As I have read emails, facebook comments, and discussions on the Blog Frog all applauding my little sister for her bravery in showing her new self this past weekend, I have been overwhelmed with the offerings of support.
And because her story is hers to tell, and not mine, I was going to stay silent. But I just might be one of those big sisters who can't help but have something to say. And if you think I am incessant, try our eldest sister Page. Oh Duck with Orange Sauce, she puts me to shame.
(I love her for it. Oh I love my sister Page! Some day I will tell you all about her.)
And now that I have mentioned two of my sisters, I will surely get a forlorn text from Lucy if I don't mention her too. So here is this: Lucy doesn't care about having something to say, and I enjoy her company so very much.
Where was I?
Today I was trying to comprehend some scriptures outside in the backyard (you know) and without much prodding, I recalled a couple comments about my sister's new image. They were along the lines of this: Nie is even more beautiful than before.
And I must say--I have to say--publicly and before the whole community, that I agree.

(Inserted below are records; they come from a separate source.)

lemma f_series_eq_word_gf_excursions: "f_series = word_gf excursions"
proof -
  define E where "E = word_gf excursions"
  define H where "H = 1 - Yv - Zv - 2 * E"
  have "E = (Yv + E) * (Zv + E)"
    unfolding E_def using word_gf_excursions word_gf_motzkin_words
    by (rule quadratic_of_motzkin_equation)
  then have "H * H = (1 - Yv - Zv)^2 - 4 * Yv * Zv"
    unfolding H_def by (simp only: completed_square power2_eq_square[symmetric])
  moreover have "{w \<in> excursions. bideg w = (0, 0)} = {}"
    using length_eq_bideg by (fastforce simp: excursions_def primitive_def)
  then have "coeff2 E 0 0 = 0"
    by (simp only: E_def coeff2_word_gf card.empty of_nat_0)
  then have "coeff2 H 0 0 = 1"
    by (simp add: H_def)
  ultimately have "f_series = fps_const (fps_const (1 / 2)) * ((1 - Yv - Zv) - H)"
    by (simp add: f_series_def fsqrt2_eqI)
  also have "\<dots> = E"
    by (simp add: H_def numeral_fps_const mult.assoc[symmetric] fps_const_mult[symmetric])
  finally show ?thesis
    by (simp add: E_def)
qed

section \<open>Pairs of lattice paths as words\<close>

definition vertex :: "bool list \<Rightarrow> nat \<Rightarrow> nat \<times> nat" where
  "vertex p i = (east (take i p), i - east (take i p))"

definition path_of :: "bool list \<Rightarrow> (nat \<times> nat) list" where
  "path_of p = map (vertex p) [0..<Suc (length p)]"

lemma length_path_of [simp]: "length (path_of p) = Suc (length p)"
  by (simp add: path_of_def)

lemma nth_path_of: "i \<le> length p \<Longrightarrow> path_of p ! i = vertex p i"
  by (simp add: path_of_def nth_append del: upt_Suc)

lemma set_path_of: "set (path_of p) = vertex p ` {..length p}"
  by (simp add: path_of_def atLeast0LessThan lessThan_Suc_atMost del: upt_Suc)

lemma vertex_coordinate_sum: "fst (vertex p i) + snd (vertex p i) = i"
  using east_take_le[of i p] by (simp add: vertex_def)

lemma vertex_eq_iff: "vertex p i = vertex q j \<longleftrightarrow> i = j \<and> east (take i p) = east (take i q)"
  by (metis vertex_coordinate_sum vertex_def fst_conv)

lemma inj_vertex: "inj (vertex p)"
  by (rule injI) (simp add: vertex_eq_iff)

lemma vertex_Suc:
  "i < length p \<Longrightarrow> vertex p (Suc i) =
    (if p ! i then (fst (vertex p i) + 1, snd (vertex p i)) else (fst (vertex p i), snd (vertex p i) + 1))"
  using east_take_le[of i p] by (simp add: vertex_def take_Suc_conv_app_nth Suc_diff_le)

lemma lattice_path_path_of: "lattice_path (length p) (east p) (path_of p)"
  by (auto simp: lattice_path_def nth_path_of vertex_Suc) (simp_all add: vertex_def)

lemma lattice_pathE:
  assumes "lattice_path n r P"
  obtains p where "length p = n" "east p = r" "P = path_of p"
proof
  define p where "p = map (\<lambda>i. fst (P ! Suc i) = Suc (fst (P ! i))) [0..<n]"
  have steps: "P ! Suc i = (fst (P ! i) + 1, snd (P ! i)) \<or> P ! Suc i = (fst (P ! i), snd (P ! i) + 1)"
    if "i < n" for i
    using assms that by (simp add: lattice_path_def)
  show len: "length p = n"
    by (simp add: p_def)
  have vertex: "P ! i = vertex p i" if "i \<le> n" for i
    using that
  proof (induction i)
    case 0
    then show ?case
      using assms by (simp add: lattice_path_def vertex_def)
  next
    case (Suc i)
    then show ?case
      using steps[of i] len vertex_Suc[of i p] by (auto simp: p_def)
  qed
  show "P = path_of p"
    using assms len vertex by (intro nth_equalityI) (auto simp: lattice_path_def nth_path_of)
  show "east p = r"
    using assms vertex[of n] len by (simp add: lattice_path_def vertex_def)
qed

lemma inj_path_of: "inj path_of"
proof (rule injI)
  fix p q
  assume eq: "path_of p = path_of q"
  then have len: "length p = length q"
    using length_path_of by (metis Suc_inject)
  have "vertex p i = vertex q i" if "i \<le> length p" for i
    using eq that len by (metis nth_path_of)
  then have east_eq: "east (take i p) = east (take i q)" if "i \<le> length p" for i
    using that by (simp add: vertex_eq_iff)
  show "p = q"
  proof (rule nth_equalityI)
    show "length p = length q"
      by (fact len)
    fix i
    assume "i < length p"
    then show "p ! i = q ! i"
      using east_eq[of i] east_eq[of "Suc i"] len east_take_Suc[of i p] east_take_Suc[of i q]
      by (simp add: of_bool_eq_iff)
  qed
qed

The first time I saw my sister unwrapped and exposed will remain with me forever. The nurse had warned me before I entered into the room that my sister (still in a coma) would look very different. I walked down the off-white sterile corridor at the Arizona Burn Center, the same one I had walked down several times before with a pit in my stomach and a strange hope in my chest. I scrubbed my hands, I pulled on the yellow gown and tied my hair up with a net. With a deep breath, I walked into her room and found her there sleeping.
She was lovely.
Hardly the face you see today--skin was just starting to heal--but a face with eyes and ears and a nose and lips. I nearly dropped on my knees with happiness. I couldn't help but whisper in her ears as she slept.
"Steph, you look so good! You look so good!"
We had been warned of the worst, and this was the best. Of course it was. Her body had channeled the prayers and love the goodness of hearts and it was healed most remarkably. I stared at my sister, intubated and a little agitated, and cried at the thanksgiving I felt.
In my sister's face I see the grace of a loving Heavenly Father. I see His glory and His miracle. I see how hope heals the worst of scars. How the essence of beauty is true faith, to be bestowed on those who feel God's love. How can you help but testify of this?
And the best news of all, perhaps, is that it is a gift to all mankind.
Healing, beauty, grace and peace.
Free and accessible to all.
She lives to remind us.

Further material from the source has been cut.